Prévention de l`infection croisée chez les personnes atteintes de

Prévention de l’infection croisée chez les personnes atteintes de Fibrose kystique
(FK) au Danemark: des méthodes relativement simples d’amélioration du
pronostic
Par Claus Moser, MD PhD et Niels Høiby, MD
La majorité d’adultes atteintes de Fibrose kystique souffrent d’une infection pulmonaire bactérienne
chronique. Les agents pathogènes de la FK les plus courants dans le monde sont, par ordre :
Pseudomonas aeruginosa (P. aeruginosa), suivi par
Staphylococcus aureus (S. aureus),
Complexe Burkholderia cepacia (B. cepacia),
Achromobacter xylosoxidans (A. xylosoxidans),
Stenotrophomonas maltophilia (S. maltophilia)
Mycobactéries non tuberculeuses (MNT).
Le taux de prévalence de ces bactéries (ou le nombre de personnes infectées) varie énormément dans
les différents foyers de la FK dans le monde.

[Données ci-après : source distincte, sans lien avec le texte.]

lemma sticky_CS_psi_right_limit_eq_mean:
  assumes \<omega>: "\<And>y. isCont \<omega> y" and t: "0 < t" and i: "i \<in> {1..N}"
  shows "Lim (at_right t) (psi N m \<omega> x v i)
    = weighted_mean m (\<lambda>j. Lim (at_left t) (psi N m \<omega> x v j)) (cluster N x i t)"
proof -
  let ?W = "\<Sum>l=1..N. m l * \<omega> (x i t - x l t)"
  have "weighted_mean m (\<lambda>j. Lim (at_left t) (psi N m \<omega> x v j)) (cluster N x i t)
      = weighted_mean m (\<lambda>j. Lim (at_left t) (v j) + ?W) (cluster N x i t)"
    using sticky_CS_psi_left_limit[OF \<omega> t i] by (rule weighted_mean_cong)
  also have "\<dots> = weighted_mean m (\<lambda>j. Lim (at_left t) (v j)) (cluster N x i t) + ?W"
    using sticky_CS_cluster_mass_pos[OF i, of t] by (intro weighted_mean_add_const) simp
  also have "\<dots> = Lim (at_right t) (psi N m \<omega> x v i)"
    using sticky_CS_psi_tendsto_right[OF \<omega> t i] by (intro tendsto_Lim[symmetric]) simp_all
  finally show ?thesis by (rule sym)
qed

end

theorem lemma2p3:
  fixes N :: nat and m :: "nat \<Rightarrow> real" and \<omega> \<phi> :: "real \<Rightarrow> real"
    and x v :: "nat \<Rightarrow> real \<Rightarrow> real" and i k :: nat and t :: real
  assumes H: "hyp_H \<omega> \<phi>"
    and dyn: "sticky_CS N m \<phi> x v"
    and i: "i \<in> {1..N}" and t: "0 < t"
    and k: "k \<in> cluster N x i t"
  shows "(let J = cluster N x i t; lo = Min J; hi = Max J;
             P = (\<lambda>j. Lim (at_left t) (psi N m \<omega> x v j))
          in (\<Sum>j=lo..k. m j * P j) / (\<Sum>j=lo..k. m j)
               \<ge> (\<Sum>j\<in>J. m j * P j) / (\<Sum>j\<in>J. m j)
           \<and> (\<Sum>j\<in>J. m j * P j) / (\<Sum>j\<in>J. m j) = Lim (at_right t) (psi N m \<omega> x v i)
           \<and> Lim (at_right t) (psi N m \<omega> x v i)
               \<ge> (\<Sum>j=k..hi. m j * P j) / (\<Sum>j=k..hi. m j))"
proof -
  define J lo hi where "J = cluster N x i t" and "lo = Min J" and "hi = Max J"
  define P where "P = (\<lambda>j. Lim (at_left t) (psi N m \<omega> x v j))"
  have \<omega>: "\<And>y. isCont \<omega> y" using H by (rule hyp_H_isCont)
  have J_eq: "J = {lo..hi}"
    using sticky_CS_cluster_eq_atLeastAtMost[OF dyn _ i] t by (simp add: J_def lo_def hi_def)
  have "lo \<le> k" "k \<le> hi" using k J_eq by (auto simp: J_def)
  moreover have "0 < m j" if "j \<in> {lo..hi}" for j
    using that sticky_CS_mass_pos[OF dyn] unfolding J_eq[symmetric] J_def cluster_def by auto
  moreover have "antimono_on {lo..hi} P"
    using sticky_CS_psi_left_limit_antimono[OF dyn \<omega> t i] unfolding J_eq[symmetric] J_def P_def
    by (intro monotone_onI) auto
  ultimately have "weighted_mean m P J \<le> weighted_mean m P {lo..k}"
    and "weighted_mean m P {k..hi} \<le> weighted_mean m P J"
    unfolding J_eq by (blast intro: weighted_mean_antimono_prefix_suffix)+
  moreover have "weighted_mean m P J = Lim (at_right t) (psi N m \<omega> x v i)"
    using sticky_CS_psi_right_limit_eq_mean[OF dyn \<omega> t i] by (simp add: J_def P_def)
  ultimately show ?thesis
    unfolding Let_def weighted_mean_def J_def[symmetric] lo_def[symmetric] hi_def[symmetric]
      P_def[symmetric] by simp
qed

end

Dès que l’infection chronique est diagnostiquée chez les personnes atteintes de FK, elle ne peut que
rarement être éradiquée en raison de la capacité des bactéries à former des colonies protégées appelées
films biologiques. Certaines bactéries peuvent devenir très visqueuses (mucoïdes), ce qui les rend
réfractaires au traitement. Le mode de croissance par formation de films biologiques, associé à la
propension à devenir mucoïdes, protège les bactéries contre le système immunitaire de la personne
atteinte de FK et contre les antibiotiques administrés au patient pour traiter l’infection. En outre, il est
actuellement établi que la réaction inflammatoire due aux infections pulmonaires chroniques est la
principale cause de la détérioration du tissu pulmonaire et de la perte de la fonction respiratoire des
poumons chez les personnes atteintes de FK.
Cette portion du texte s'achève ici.